I can give you some coding guidelines for multi-platform code:

  1. Avoid platform specific API calls as much as possible. For example, in windows there is a DeleteFile() API, which only works on windows. On Unix platforms, the command is unlink(). This command is supported by windows, and you can just use it in place of DeleteFile(). Now your code works on both platforms and doesn’t need a bunch of #ifdef statements all over.

  2. Use as many standard classes as you can. In windows you have a CList container. You maybe be very familiar with it. The rest of the world uses the STL which has its <list> class. Windows has this, use it. CStdString is a great substitute for CString.

  3. Use classes to abstract a platform layer away from your implementation of your code. For example, I have this class called ProcInfo with a bunch of methods about process stuff. So if I have need to know if a process is running, I just use ProcInfo::IsProcRunning(CStdString &Name). On Windows and Mac, the implementation is different, but to my main application, it doesn’t know or care. As a result on the Mac I have a different ProcInfo.cpp then I do on windows. The headers are identical and shared between projects.

  4. Share as much code as you can. Do not have a Mac code base and a Windows code base if you can help it. In my project, which has about 130 files, only 6 differ or are Windows specific or Mac specific. I also only have about 5 #ifdef pairs related to platform abstraction, the rest are debug related. If you change functionality in a shared code segment, then you don’t have to remember to do it in the other code base. Bug fixes in either place fix the bugs for everyone.

  5. Abstract platform / architecture stuff out as well. This is more along the lines of quirks of the platform or how data is managed. For example, I have a NetInfo class which handles network stuff. One method gets the routing table. The routing table has several IP address blocks. On windows, these IP address are backwards, in Little-Endian order. Also on Windows, when getting an IP address of your own box, it comes in Network, or Big-Endian order.

Originally I was doing stuff like FlipLong() here and there trying to keep it straightened out and it became confusing. At some point it is, is it the route entry that is forward or was it the IP address? It was very messy. I made a simple rule to clear it all up. My NetInfo class, always gives and takes IP addresses in Network order. Now all code using this class doesn’t have to know or care. This worked out even better on the Mac, because it has two architectures, Intel and PPC. PPC is Big-Endian, Intel is Little-Endian. None of my main application code has to change because of the rule I made. Only the internals of the Mac or Windows version of the NetInfo class have to figure it out.

Another Platform / Architecture change was to abstract complex data types out. Windows has its own structure for route table entries. Mac’s have a different type. As a result, my NetInfo class has its own external NetInfo_Route type. Everyone uses that, and only on the inside of the NetInfo class does it convert it to the platform specific type.
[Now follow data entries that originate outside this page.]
text \<open>Continuity: near a point of F the retraction is close to the identity, because nearby
  points outside F escape late; near a point outside F it is locally constant, because nearby
  points escape at the same depth and are sent to the same point.\<close>

lemma continuous_retraction:
  assumes closed: "closedin baire_top F" and ne: "F \<noteq> {}"
  shows "continuous_map baire_top baire_top (retraction F)"
  unfolding baire_top_def continuous_map_seq_top_iff locally_determined_def
proof (intro allI)
  fix n x
  show "\<exists>m. \<forall>y. (\<forall>i<m. y i = x i) \<longrightarrow> retraction F y n = retraction F x n"
  proof (cases "x \<in> F")
    case True
    have "retraction F y n = x n" if agree: "\<forall>i<Suc n. y i = x i" for y
    proof (cases "y \<in> F")
      case False
      have "extendable F (Suc n) y" using True agree by (auto simp: extendable_def)
      then have "Suc n < escape_depth F y"
        using escape_depth(1)[OF closed ne False] extendable_mono not_less by blast
      then show ?thesis using retraction_outside[OF closed ne False] agree by simp
    qed (use agree in \<open>simp add: retraction_def\<close>)
    moreover have "retraction F x = x" using True by (simp add: retraction_def)
    ultimately show ?thesis by metis
  next
    case False
    have same: "retraction F y = retraction F x" if agree: "\<forall>i<escape_depth F x. y i = x i" for y
    proof -
      have "(\<lambda>z. z \<in> F \<and> (\<forall>i<escape_depth F x - 1. z i = y i)) =
            (\<lambda>z. z \<in> F \<and> (\<forall>i<escape_depth F x - 1. z i = x i))"
        using agree by auto
      then show ?thesis
        using escape_depth_cong[OF closed ne False agree] False by (simp add: retraction_def)
    qed
    show ?thesis
    proof (intro exI allI impI)
      fix y assume "\<forall>i<escape_depth F x. y i = x i"
      from same[OF this] show "retraction F y n = retraction F x n" by simp
    qed
  qed
qed

lemma continuous_map_into_infsets:
  assumes "continuous_map X cantor_top f" and "\<And>x. x \<in> topspace X \<Longrightarrow> infinite {n. f x n}"
  shows "continuous_map X infsets_top f"
  unfolding infsets_top_def continuous_map_in_subtopology
  using assms continuous_map_image_subset_topspace by blast

definition split_seq :: "(nat \<Rightarrow> nat) \<Rightarrow> (nat \<Rightarrow> bool) \<times> (nat \<Rightarrow> nat)" where
  "split_seq w = ((\<lambda>n. w (2 * n) \<noteq> 0), (\<lambda>n. w (2 * n + 1)))"

lemma continuous_split_seq:
  "continuous_map baire_top (prod_topology cantor_top baire_top) split_seq"
  unfolding continuous_map_pairwise baire_top_def cantor_top_def continuous_map_seq_top_iff o_def
  by (simp add: split_seq_def locally_determined_coordinate)

lemma surj_split_seq: "surj split_seq"
  unfolding surj_def
proof
  fix p :: "(nat \<Rightarrow> bool) \<times> (nat \<Rightarrow> nat)"
  obtain \<sigma> z where p: "p = (\<sigma>, z)" by fastforce
  have "split_seq (\<lambda>n. if even n then (if \<sigma> (n div 2) then 1 else 0) else z (n div 2)) = p"
    unfolding p by (auto simp: split_seq_def)
  then show "\<exists>w. p = split_seq w" by (metis)
qed

lemma analytic_projection_of_closed:
  fixes F :: "((nat \<Rightarrow> bool) \<times> (nat \<Rightarrow> nat)) set"
  assumes closed: "closedin (prod_topology cantor_top baire_top) F"
  shows "analytic_in cantor_top (fst ` F)"
proof (cases "F = {}")
  case True then show ?thesis by (simp add: analytic_in_def)
next
  case False
  define F' where "F' = split_seq -` F"
  have "closedin baire_top F'"
    using closedin_continuous_map_preimage[OF continuous_split_seq closed] by (simp add: F'_def vimage_def)
  moreover have image: "split_seq ` F' = F"
    unfolding F'_def using surj_split_seq by (simp add: image_vimage_eq)
  moreover have "F' \<noteq> {}" using False image by auto
  ultimately have r: "continuous_map baire_top baire_top (retraction F')" "range (retraction F') = F'"
    using continuous_retraction range_retraction by blast+
  have "continuous_map baire_top cantor_top (fst \<circ> (split_seq \<circ> retraction F'))"
    by (rule continuous_map_compose[OF continuous_map_compose[OF r(1) continuous_split_seq]
          continuous_map_fst])
  moreover have "range (fst \<circ> (split_seq \<circ> retraction F')) = fst ` F"
  proof -
    have "range (fst \<circ> (split_seq \<circ> retraction F')) = fst ` split_seq ` range (retraction F')"
      by (simp add: image_comp)
    then show ?thesis using r(2) image by simp
  qed
  ultimately show ?thesis unfolding analytic_in_def by (intro conjI disjI2 exI) (simp_all add: o_def)
qed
  1. Try and keep your platform abstracted functions conceptually simple. Going back to my NetInfo class, all its methods are conceptually simple (not implying their implementation is). For example, GetRouteTable, SetRoute, DeleteRoute, etc… Now if I have common need to search the route table for some kind of pattern, lets say local routes or routes on a specific subnet, I do not have a NetInfo method to do this. I have a wrapper class handle this using the basic NetInfo methods. When I have to do the Mac version of the NetInfo class, I still only have those 3 methods to make, and the complex higher level network operations work without me having to write a Mac version of them.

So, what I am saying, is simply to plan your code to be portable from the beginning, and be aware of windows specific stuff in the main code base. If you wait until your main app is ‘done’ and then try to rework it for Macs, it will be a lot more painful. Familiar API’s are not necessarily your friend, and frequently there is a generic alternative that works on both platforms.